Yes, target chunk size in 1.0 will be 1 or 2MiB. That doesn't mean that there will be no tiny chunks - if you file only has 1 byte, it will be still 1 chunk. So, the average might be lower than the target size.

BTW, it is still unclear to me how you want to work without locking, with parallelel operations allowed (including deletion). I also do not think that making this github issue longer and longer with back-and-forth discussion posts is helping here very much - if we want to implement this, we need ONE relatively formal description of how it works (not many pages in discussion mode).

So I'ld suggest you please rather edit one of your posts and update it as needed until it implements everything needed or until we find it can't be implemented. Also, the other posts (including mine) should be removed after integration.
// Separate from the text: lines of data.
lemma ps_of_fps_in_alg_puiseux:
  assumes "fps_of_poly D * S = fps_of_poly N" "D \<noteq> 0"
  shows "ps_of_fps S \<in> alg_puiseux"
proof -
  have "is_puiseux (ps_of_fps S)"
    unfolding is_puiseux_def by (rule exI[of _ 1]) (auto simp: ps_of_fps_def)
  moreover have "ps_eval [:-N, D:] (ps_of_fps S) = ps_of_fps (fps_of_poly (-N) + fps_of_poly D * S)"
    using assms(2)
    by (simp add: ps_eval_def ps_of_poly_eq_ps_of_fps ps_const_eq_ps_of_fps ps_mult_ps_of_fps
        flip: ps_add_ps_of_fps) (simp add: ps_add_def)
  moreover have "ps_of_fps (fps_of_poly (-N) + fps_of_poly D * S) = (\<lambda>_. 0)"
    using assms(1) by (auto simp: fps_of_poly_uminus ps_of_fps_def)
  ultimately show ?thesis
    using assms(2) unfolding alg_puiseux_def by (intro CollectI conjI exI[of _ "[:-N, D:]"]) auto
qed

lemma fps_of_poly_linear: "fps_of_poly [:0, c:] = fps_const (c :: 'a :: comm_semiring_1) * fps_X"
  by (simp add: fps_of_poly_pCons fps_of_poly_const fps_mult_fps_X_commute)

section \<open>Rational germs at 0 from the right\<close>

lemma poly_eq_if_eventually_eq_at_right:
  fixes p q :: "real poly"
  assumes "eventually (\<lambda>t. poly p t = poly q t) (at_right a)"
  shows "p = q"
proof (rule ccontr)
  assume "p \<noteq> q"
  then have "finite {t. poly (p - q) t = 0}" by (intro poly_roots_finite) simp
  moreover obtain b where "a < b" "\<forall>t>a. t < b \<longrightarrow> poly p t = poly q t"
    using assms by (auto simp: eventually_at_right_field)
  then have "{a<..<b} \<subseteq> {t. poly (p - q) t = 0}" by auto
  ultimately show False using infinite_Ioo[OF \<open>a < b\<close>] finite_subset by blast
qed

lemma tendsto_poly_at_right: "(poly p \<longlongrightarrow> poly p a) (at_right a)"
  for p :: "real poly"
  using continuous_within_poly[of a "{a<..}" p] by (simp add: continuous_within)

lemma eventually_poly_nonzero_at_right:
  fixes p :: "real poly"
  assumes "coeff p 0 \<noteq> 0"
  shows "eventually (\<lambda>t. poly p t \<noteq> 0) (at_right 0)"
  using tendsto_poly_at_right[of p 0] assms
  by (intro tendsto_imp_eventually_ne) (auto simp: poly_0_coeff_0)

lemma poly_monom_decomp:
  fixes p :: "'a::idom poly"
  assumes "p \<noteq> 0"
  obtains k q where "p = monom 1 k * q" "coeff q 0 \<noteq> 0"
proof -
  obtain q where "p = [:- 0, 1:] ^ order 0 p * q" "\<not> [:- 0, 1:] dvd q"
    using order_decomp[OF assms] by blast
  then show thesis
    using that[of "order 0 p" q] poly_eq_0_iff_dvd[of q 0]
    by (simp add: monom_altdef poly_0_coeff_0)
qed
lemma P_set_iff_kernel_subset:
  assumes A: "A \<in> carrier_mat n n" and \<alpha>: "\<alpha> \<subseteq> {0..<n}"
  shows "P_set A \<alpha> \<longleftrightarrow> padded_kernel A {} \<subseteq> padded_kernel A \<alpha> \<and>
    unit_fun ` \<alpha> \<subseteq> mult_mat_fun A ` padded_kernel A \<alpha>"
proof -
  define Z N where "Z = padded_kernel A \<alpha>" and "N = padded_kernel A {}"
  define K where "K = {x \<in> Z. mult_mat_fun A x = 0}"
  let ?f = "mult_mat_fun A" and ?E = "unit_fun ` \<alpha>"
  have fin: "finite \<alpha>"
    using \<alpha> finite_subset by blast
  have card_E: "card ?E = card \<alpha>"
    using card_image inj_on_subset[OF inj_unit_fun] by blast
  have N_span: "N \<subseteq> fs.span (unit_fun ` {..<n})"
    using A funs_below_subset_span by (auto simp: N_def padded_kernel_def)
  have Z: "fs.subspace Z"
    by (simp add: Z_def subspace_padded_kernel)
  have K: "fs.subspace K"
    using fs.subspace_inter[OF Z fs_pair.linear_subspace_kernel[OF linear_mult_mat_fun]]
    by (simp add: K_def Collect_conj_eq)
  have K_N: "K \<subseteq> N"
    by (auto simp: K_def Z_def N_def padded_kernel_def)
  have image_E: "?f ` Z \<subseteq> fs.span ?E"
    using mult_mat_fun_padded_kernel_in_span fin by (auto simp: Z_def)
  have rank_nullity: "fs.dim K + fs.dim (?f ` Z) = fs.dim Z"
    unfolding K_def Z_def by (rule rank_nullity_padded_kernel[OF A])
  have dim_K: "fs.dim K \<le> fs.dim N"
    using K_N N_span by (rule fs.dim_subset_span_finite) simp
  have dim_image: "fs.dim (?f ` Z) \<le> card \<alpha>"
    using fs.dim_le_card[OF image_E] fin card_E by simp
  have P_set: "P_set A \<alpha> \<longleftrightarrow> fs.dim Z = fs.dim N + card \<alpha>"
    unfolding Z_def N_def by (rule P_set_iff_dim_padded_kernel[OF A fin])
  show ?thesis
    unfolding Z_def[symmetric] N_def[symmetric]
  proof
    assume "P_set A \<alpha>"
    then have dims: "fs.dim N \<le> fs.dim K" "fs.dim (fs.span ?E) \<le> fs.dim (?f ` Z)"
      using P_set rank_nullity dim_K dim_image fs.dim_le_card'[of ?E] fin card_E by auto
    have "N \<subseteq> K"
      by (rule fs.subset_subspace_if_dim_le[OF K K_N N_span _ dims(1)]) simp
    moreover have "fs.span ?E \<subseteq> ?f ` Z"
      by (rule fs.subset_subspace_if_dim_le[OF fs_pair.linear_subspace_image[OF linear_mult_mat_fun Z]
            image_E order_refl _ dims(2)]) (use fin in simp)
    ultimately show "N \<subseteq> Z \<and> ?E \<subseteq> ?f ` Z"
      using fs.span_superset[of ?E] by (auto simp: K_def)
  next
    assume "N \<subseteq> Z \<and> ?E \<subseteq> ?f ` Z"
    then have "K = N" and "fs.dim (?f ` Z) = card \<alpha>"
      using K_N fs.dim_unique[OF _ image_E independent_unit_fun card_E]
      by (auto simp: K_def N_def padded_kernel_def)
    then show "P_set A \<alpha>"
      using P_set rank_nullity by simp
  qed
qed

definition unit_preimages_vanish :: "real mat \<Rightarrow> nat \<Rightarrow> nat \<Rightarrow> bool" where
  "unit_preimages_vanish A i j \<longleftrightarrow>
     (\<exists>y \<in> funs_below (dim_col A). mult_mat_fun A y = unit_fun i) \<and>
     (\<forall>y \<in> funs_below (dim_col A). mult_mat_fun A y = unit_fun i \<longrightarrow> y j = 0)"

lemma unit_preimages_vanishD:
  assumes "unit_preimages_vanish A i j"
  obtains y where "y \<in> funs_below (dim_col A)" "mult_mat_fun A y = unit_fun i"
    and "\<And>y. y \<in> funs_below (dim_col A) \<Longrightarrow> mult_mat_fun A y = unit_fun i \<Longrightarrow> y j = 0"
  using assms unfolding unit_preimages_vanish_def by blast

lemma unit_preimages_vanish_if_kernel_subset:
  assumes N: "padded_kernel A {} \<subseteq> padded_kernel A \<alpha>"
    and E: "unit_fun ` \<alpha> \<subseteq> mult_mat_fun A ` padded_kernel A \<alpha>"
    and i: "i \<in> \<alpha>" and j: "j \<in> \<alpha>"
  shows "unit_preimages_vanish A i j"
proof -
  have "unit_fun i \<in> mult_mat_fun A ` padded_kernel A \<alpha>"
    using E i by blast
  then obtain z where z: "z \<in> padded_kernel A \<alpha>" "mult_mat_fun A z = unit_fun i"
    by (metis imageE)
  have "y j = 0" if y: "y \<in> funs_below (dim_col A)" "mult_mat_fun A y = unit_fun i" for y
  proof -
    have "y - z \<in> padded_kernel A {}"
      using y z(1) by (simp add: padded_kernel_def funs_below_def mult_mat_fun_diff z(2))
    then have "y - z \<in> padded_kernel A \<alpha>"
      using N by blast
    then show ?thesis
      using z(1) j by (simp add: padded_kernel_def)
  qed
  moreover have "z \<in> funs_below (dim_col A)"
    using z(1) by (simp add: padded_kernel_def)
  ultimately show ?thesis
    using z(2) unfolding unit_preimages_vanish_def by blast
qed
definition countable_cofinal :: "'a set \<Rightarrow> 'a set set \<Rightarrow> bool" where
  "countable_cofinal K \<C> \<longleftrightarrow>
     (\<forall>C\<in>\<C>. C \<subseteq> K \<and> countable C) \<and>
     (\<forall>A. A \<subseteq> K \<and> countable A \<longrightarrow> (\<exists>C\<in>\<C>. A \<subseteq> C))"

definition cof_countable_eq :: "'a set \<Rightarrow> bool" where
  "cof_countable_eq K \<longleftrightarrow>
     (\<exists>\<C>. countable_cofinal K \<C> \<and> \<C> \<lesssim> K) \<and>
     (\<forall>\<C>. countable_cofinal K \<C> \<longrightarrow> K \<lesssim> \<C>)"

definition base_of :: "'a topology \<Rightarrow> 'a set set \<Rightarrow> bool" where
  "base_of X \<B> \<longleftrightarrow> (\<forall>V\<in>\<B>. openin X V) \<and>
     (\<forall>U x. openin X U \<and> x \<in> U \<longrightarrow> (\<exists>V\<in>\<B>. x \<in> V \<and> V \<subseteq> U))"

definition discrete_space :: "'a topology \<Rightarrow> bool" where
  "discrete_space X \<longleftrightarrow> (\<forall>S. S \<subseteq> topspace X \<longrightarrow> openin X S)"

definition has_nontrivial_convergent_seq :: "'a topology \<Rightarrow> bool" where
  "has_nontrivial_convergent_seq X \<longleftrightarrow>
     (\<exists>f l. range f \<subseteq> topspace X \<and> inj f \<and> limitin X f l sequentially)"

definition non_sequential :: "'a topology \<Rightarrow> bool" where
  "non_sequential X \<longleftrightarrow> \<not> discrete_space X \<and> \<not> has_nontrivial_convergent_seq X"

text \<open>Points are taken in a type of cardinality 2^|'a| \<ge> 2^|K|,
  which is enough since a T0 space of weight w has at most 2^w points.\<close>
definition z_le :: "'a set \<Rightarrow> bool" where
  "z_le K \<longleftrightarrow> (\<exists>X :: 'a set topology.
      infinite (topspace X) \<and> Hausdorff_space X \<and> compact_space X \<and> non_sequential X \<and>
      (\<exists>\<B>. base_of X \<B> \<and> \<B> \<lesssim> K))"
I am also not sure a gh issue is the best for that, maybe a github repo, where one can see diffs and history would be better.

@ThomasWaldmann
Copy link
Member

http://www.daemonology.net/blog/2008-12-14-how-tarsnap-uses-aws.html doesn't sound too promising about the possibility of reliably using S3 directly from a backup tool (he wrote a special server that sits between the backup client and S3).

@rmoriz
Copy link

rmoriz commented Jan 11, 2016

@tw that post was from 2008… https://aws.amazon.com/de/s3/faqs/#How_durable_is_Amazon_S3

@RonnyPfannschmidt
Copy link
Contributor

@ThomasWaldmann - actually its promising - it's not too different from what borg is already doing in the local format - and it might not need too much of a change to make borg work against it

@olivernz
Copy link

olivernz commented Mar 7, 2016

Don't forget BackBlaze's B2. Cheapest storage around. Hashbackup already does all that but it's closed source so who knows how that is done.

@phime42
Copy link

phime42 commented Mar 19, 2016

Amazon Cloud Drive offers unlimited storage for just 50$ a year. Would be great if it'd be supported! :)

@enkore
Copy link
Contributor

enkore commented Mar 24, 2016

There's a FUSE FS for it: https://github.com/yadayada/acd_cli

That should work okayish (maybe not the best performance).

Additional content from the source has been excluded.